"""
lemma bump_algebra_partial_inverse_denominator:
  fixes A B :: real
  defines "den \<equiv> \<lambda>x::real^'n::finite. flat_deriv 0 (B + (-1) * (x \<bullet> x)) + flat_deriv 0 ((-A) + 1 * (x \<bullet> x))"
  assumes AB: "A < B"
  shows "(\<forall>x. (\<lambda>x. complex_of_real (inverse (den x))) differentiable (at x)) \<and>
    (\<forall>i. bump_algebra A B (partial i (\<lambda>x. complex_of_real (inverse (den x)))))"
proof -
  define Dd where "Dd = (\<lambda>x h::real^'n. flat_deriv (Suc 0) (B + (-1) * (x \<bullet> x)) * ((-1) * (x \<bullet> h + h \<bullet> x))
                  + flat_deriv (Suc 0) ((-A) + 1 * (x \<bullet> x)) * (1 * (x \<bullet> h + h \<bullet> x)))"
  have "(den has_derivative Dd x) (at x)" for x
    unfolding den_def Dd_def by (intro has_derivative_add has_derivative_flat_deriv_quadratic)
  moreover have "den x \<noteq> 0" for x
    using bump_denominator_pos[OF AB] unfolding den_def by (metis less_irrefl)
  ultimately have hw: "((\<lambda>x. inverse (den x)) has_derivative
      (\<lambda>h. - (inverse (den x) * Dd x h * inverse (den x)))) (at x)" for x
    by (intro Deriv.has_derivative_inverse)
  have eq: "partial i (\<lambda>x. complex_of_real (inverse (den x))) =
     (\<lambda>x. (\<lambda>x. of_real (-1)) x * ((\<lambda>x. complex_of_real (inverse (den x))) x * (\<lambda>x. complex_of_real (inverse (den x))) x)
       * ((\<lambda>x. of_real (flat_deriv (Suc 0) (B + (-1) * (x \<bullet> x)))) x * ((\<lambda>x. of_real (-2)) x * of_real (x $ i))
        + (\<lambda>x. of_real (flat_deriv (Suc 0) ((-A) + 1 * (x \<bullet> x)))) x * ((\<lambda>x. of_real 2) x * of_real (x $ i))))" for i
    by (rule ext, subst partial_of_real[OF hw]) (simp add: Dd_def inner_axis inner_axis' algebra_simps)
  have inv: "bump_algebra A B (\<lambda>x. complex_of_real (inverse (den x)))"
    unfolding den_def by (rule bump_algebra.inverse_denominator)
  have "\<forall>i. bump_algebra A B (partial i (\<lambda>x. complex_of_real (inverse (den x))))"
    unfolding eq by (intro allI, (rule inv bump_algebra.intros)+)
  moreover have "\<forall>x. (\<lambda>x. complex_of_real (inverse (den x))) differentiable (at x)"
    unfolding differentiable_def by (intro allI exI, rule has_derivative_of_real[OF hw])
  ultimately show ?thesis by blast
qed

lemma bump_algebra_partial_closed:
  assumes AB: "A < B" and "bump_algebra A B f"
  shows "(\<forall>x. f differentiable (at x)) \<and> (\<forall>i. bump_algebra A B (partial i f))"
  using assms(2)
proof induction
  case (flat k a b)
  have "partial i (\<lambda>x::real^'a. complex_of_real (flat_deriv k (a + b * (x \<bullet> x)))) =
      (\<lambda>x. of_real (flat_deriv (Suc k) (a + b * (x \<bullet> x))) * ((\<lambda>x. of_real (2 * b)) x * of_real (x $ i)))" for i
    by (rule ext, subst partial_of_real[OF has_derivative_flat_deriv_quadratic]) (simp add: axis_inner_sym)
  moreover have "(\<lambda>x::real^'a. complex_of_real (flat_deriv k (a + b * (x \<bullet> x)))) differentiable (at x)" for x
    unfolding differentiable_def by (rule exI, rule has_derivative_of_real[OF has_derivative_flat_deriv_quadratic])
  ultimately show ?case by (auto intro!: bump_algebra.intros)
next
  case (coord j)
  have "((\<lambda>x::real^'a. x $ j) has_derivative (\<lambda>h. h $ j)) (at x)" for x
    by (rule bounded_linear_imp_has_derivative) (simp add: bounded_linear_vec_nth)
  note d = has_derivative_of_real[OF this]
  have "partial i (\<lambda>x::real^'a. complex_of_real (x $ j)) = (\<lambda>x. of_real (axis i 1 $ j))" for i
    by (rule ext, rule partial_eq_if_has_derivative[OF d])
  with d show ?case unfolding differentiable_def by (auto intro!: bump_algebra.intros)
next
  case (const c)
  show ?case by (auto simp: partial_const intro: bump_algebra.const)
next
  case inverse_denominator
  then show ?case by (rule bump_algebra_partial_inverse_denominator[OF AB])
next
  case (add f g)
  have "partial i (\<lambda>x. f x + g x) = (\<lambda>x. partial i f x + partial i g x)" for i
    using add by (auto simp: fun_eq_iff intro!: partial_add)
  with add show ?case by (auto intro!: bump_algebra.intros differentiable_add)
next
  case (mult f g)
  have "partial i (\<lambda>x. f x * g x) = (\<lambda>x. f x * partial i g x + partial i f x * g x)" for i
    using mult by (auto simp: fun_eq_iff intro!: partial_mult)
  with mult show ?case by (auto intro!: bump_algebra.intros differentiable_mult)
qed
"""
Provide only the count of lines above in which the word "simp" occurs.

6